Masouris Ilias, Kellert L, Müller R, Fuhry L, Hamann G F, Rémi J M, Schöberl F
Department of Neurology, LMU University Hospital, LMU, Marchioninistr. 15, 81377, Munich, Germany.
Department of Neurology and Neurological Rehabilitation, Bezirkskrankenhaus Guenzburg, Guenzburg, Germany.
J Neurol. 2024 Sep;271(9):6045-6055. doi: 10.1007/s00415-024-12578-9. Epub 2024 Jul 20.
The COVID-19 pandemic had significant impact on global healthcare, including stroke management. Telemedical stroke networks have emerged with positive results for patient outcome in rural areas without stroke expertise. However, telestroke faced enormous on-site challenges during the pandemic. So far, data on performance and clinical outcomes in telestroke settings during the COVID-pandemic are scarce.
We retrospectively analyzed data from stroke patients treated in four spoke hospitals of the Bavarian telestroke network NEVAS in 2020-2021 and 2019 as reference year and compared the 3 years for various parameters. Primary outcome was functional outcome according to the modified Rankin scale (mRS).
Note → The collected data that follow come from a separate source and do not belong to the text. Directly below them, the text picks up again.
lemma circle_mean_mult_power_div_power:
  assumes r: "0 < r" and hol: "f holomorphic_on ball 0 r" and cont: "continuous_on (cball 0 r) f"
  shows "((\<lambda>t. f (rcis r (2 * pi * t)) * rcis r (2 * pi * t) ^ m / rcis r (2 * pi * t) ^ j)
           has_integral (if m \<le> j then (deriv ^^ (j - m)) f 0 / fact (j - m) else 0)) {0..1}"
proof (cases "m \<le> j")
  case True
  have "f z * z ^ m / z ^ j = f z / z ^ (j - m)" if "z \<noteq> 0" for z :: complex
    using that True by (simp add: power_diff)
  then show ?thesis
    using circle_mean_div_power[OF assms, of "j - m"] True r by simp
next
  case False
  define h where "h = (\<lambda>z. f z * z ^ (m - j))"
  have "h holomorphic_on ball 0 r" "continuous_on (cball 0 r) h"
    using hol cont by (auto simp: h_def intro!: holomorphic_intros continuous_intros)
  from circle_mean_div_power[OF r this, of 0] False
  have "((\<lambda>t. h (rcis r (2 * pi * t))) has_integral 0) {0..1}"
    by (simp add: h_def zero_power)
  moreover have "f z * z ^ m / z ^ j = h z" if "z \<noteq> 0" for z :: complex
    using that False by (simp add: h_def power_diff)
  ultimately show ?thesis
    using False r by simp
qed

section \<open>The functional calculus of the Jordan block\<close>

lemma three_eq_zero_3: "(3::3) = 0"
  by simp

lemma Rep_bit1_3: "Rep_bit1 (0::3) = 0" "Rep_bit1 (1::3) = 1" "Rep_bit1 (2::3) = 2"
  by (simp_all add: bit1.Rep_0 bit1.Rep_1 bit1.Rep_numeral)

lemma norm_vec3_sq: "(norm (v :: complex^3))\<^sup>2 = (norm (v $ 0))\<^sup>2 + (norm (v $ 1))\<^sup>2 + (norm (v $ 2))\<^sup>2"
  by (simp add: norm_vec_sq_eq_sum sum_3 three_eq_zero_3 add_ac)

lemma jordan3_nth: "jordan3 $ i $ j = (if (i = 0 \<and> j = 1) \<or> (i = 1 \<and> j = 2) then 1 else 0)"
  using exhaust_3[of i] exhaust_3[of j] by (auto simp: jordan3_def Rep_bit1_3 three_eq_zero_3)

lemma fun_jordan3_nth:
  "fun_jordan3 f $ i $ j =
     (if i = j then f 0 else if (i = 0 \<and> j = 1) \<or> (i = 1 \<and> j = 2) then deriv f 0
      else if i = 0 \<and> j = 2 then deriv (deriv f) 0 / 2 else 0)"
proof -
  have "mat_pow jordan3 2 = jordan3 ** jordan3"
    by (simp add: mat_pow_def numeral_2_eq_2)
  then have "fun_jordan3 f = cscale_mat (f 0) (mat 1) + cscale_mat (deriv f 0) jordan3
               + cscale_mat (deriv (deriv f) 0 / 2) (jordan3 ** jordan3)"
    by (simp add: fun_jordan3_def eval_nat_numeral mat_pow_def)
  then show ?thesis
    using exhaust_3[of i] exhaust_3[of j]
    by (auto simp: cscale_mat_def mat_def jordan3_nth matrix_matrix_mult_def sum_3 three_eq_zero_3)
qed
Secondary outcome parameters included time intervals, periprocedural intracranial hemorrhage rates, and mortality.
In 2019-2021, 2820 patients were treated for acute ischemic stroke with an admission decrease of 10% during the pandemic. Of those, 241 received only IVT and 204 were transferred to our center for MT. Door-to-imaging, door-to-needle, and symptom-onset-to-groin times remained comparable in the 3 years. Complication rates remained at a low level. Good clinical outcome rates (mRS 0-2) at discharge remained stable for all stroke patients (82-84%) and for those treated with IVT (64-77%). Good clinical outcome rates at 3 month follow-up for MT patients declined in 2020 (23% vs. 35% in 2019) but recovered again in 2021 (42%). Mortality rates did not increase for all patient groups analyzed.
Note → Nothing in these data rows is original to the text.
theorem lemma4p2p2:
  fixes m i :: nat and f :: ratfun
  assumes "m \<ge> 2" and "1 \<le> i" and "i \<le> m - 1"
    and "ratfun_in_vars {0..Suc m} f"
    and "act (Transposition.transpose i (Suc i)) f = - f"
  shows "Hqt m (OmegaM (zv i / zv (Suc i)) * f) = 0"
proof -
  let ?s = "Transposition.transpose i (Suc i)" and ?\<Omega> = "OmegaM (zv i / zv (Suc i))"
  have i: "1 \<le> i" "i < m" using assms(1-3) by auto
  have s: "?s permutes {1..m}" using i by (intro permutes_swap_id) auto
  have "act ?s (f * (?\<Omega> * hkernel m)) = act ?s f * act ?s (?\<Omega> * hkernel m)"
    by (rule act_mult[OF s])
  also have "\<dots> = - (f * (?\<Omega> * hkernel m))"
    using assms(5) act_transpose_OmegaM_hkernel[OF i] by simp
  finally have "(\<Sum>w | w permutes {1..m}. act w (f * (?\<Omega> * hkernel m))) = 0"
    by (rule sum_act_permutes_eq_0[OF s])
  then show ?thesis
    by (simp add: Hqt_eq_sum_act mult_ac)
qed

end
lemma mono_GSbar: "mono (GSbar T p)"
proof (rule monoI)
  show "GSbar T p G \<le> GSbar T p S" if "G \<le> S" for G S
    using sdom_antimono[OF that] that unfolding GSbar_def GS_def le_fun_def by blast
qed

theorem mainTheorem8:
  fixes T :: "'i::finite \<Rightarrow> 'a set"
    and p :: "'i \<Rightarrow> ('i \<Rightarrow> 'a) \<Rightarrow> real"
  assumes nonempty: "\<And>i. T i \<noteq> {}"
    and long_enough: "\<not> (\<exists>f :: 'o::wellorder \<Rightarrow> ('i \<Rightarrow> 'a set). inj f)"
  shows "(has_outcome T (GSbar T p) TYPE('o)
         \<and> restriction T (outcome T (GSbar T p) TYPE('o))
         \<and> GSbar T p (outcome T (GSbar T p) TYPE('o)) = outcome T (GSbar T p) TYPE('o)
         \<and> (\<forall>G. restriction T G \<and> GSbar T p G = G \<longrightarrow> G \<le> outcome T (GSbar T p) TYPE('o)))
         \<and> order_independent T (GSbar T p) TYPE('o)
         \<and> (\<forall>R. relaxation T (GSbar T p) R TYPE('o) \<longrightarrow>
           (\<forall>\<alpha>::'o. iter T (GSbar T p) \<alpha> \<le> iter T R \<alpha>))"
proof -
  have has_outcome: "has_outcome T (GSbar T p) TYPE('o)"
    using GSbar_le long_enough by (rule has_outcome_if_contracting)
  have "iter T (GSbar T p) \<alpha> \<le> iter T R \<alpha>"
    if "relaxation T (GSbar T p) R TYPE('o)" for R and \<alpha> :: 'o
    using that by (intro iter_le_iter[OF mono_GSbar]) (simp add: relaxation_def)
  then show ?thesis
    using has_outcome outcome_fixpoint[OF has_outcome] restriction_outcome[OF operator_on_GSbar]
      fixpoint_le_outcome[OF mono_GSbar] order_independent_if_mono[OF mono_GSbar operator_on_GSbar]
    by blast
qed

end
Stroke care remained robust during the COVID-pandemic within our network, indicating that well-established telestroke networks can overcome unexpected critical challenges such as a pandemic, guaranteeing best practice stroke care in rural areas.
新型冠状病毒肺炎(COVID-19)大流行对全球医疗保健产生了重大影响,包括卒中管理。远程医疗卒中网络已出现,并在没有卒中专业知识的农村地区对患者预后产生了积极效果。然而,在大流行期间,远程卒中面临着巨大的现场挑战。到目前为止,关于COVID-19大流行期间远程卒中环境中的性能和临床结果的数据很少。
我们回顾性分析了2020 - 2021年在巴伐利亚远程卒中网络NEVAS的四家分支医院接受治疗的卒中患者的数据,并将2019年作为参考年份,比较了这三年的各种参数。主要结局是根据改良Rankin量表(mRS)评估的功能结局。次要结局参数包括时间间隔、围手术期颅内出血率和死亡率。
在2019 - 2021年期间,2820例患者接受了急性缺血性卒中治疗,在大流行期间入院人数减少了10%。其中,241例仅接受了静脉溶栓治疗(IVT),204例被转至我们中心进行机械取栓治疗(MT)。三年来,从就诊到影像学检查、从就诊到穿刺以及从症状发作到股动脉穿刺的时间保持可比。并发症发生率维持在较低水平。所有卒中患者出院时良好临床结局率(mRS 0 - 2)保持稳定(82% - 84%),接受IVT治疗的患者也是如此(64% - 77%)。MT患者在3个月随访时的良好临床结局率在2020年有所下降(23% vs. 2019年的35%),但在2021年又恢复(42%)。所有分析的患者组死亡率均未增加。
在我们的网络中,COVID-19大流行期间卒中护理保持稳健,这表明成熟的远程卒中网络可以克服诸如大流行等意想不到的严峻挑战,确保农村地区的最佳卒中护理实践。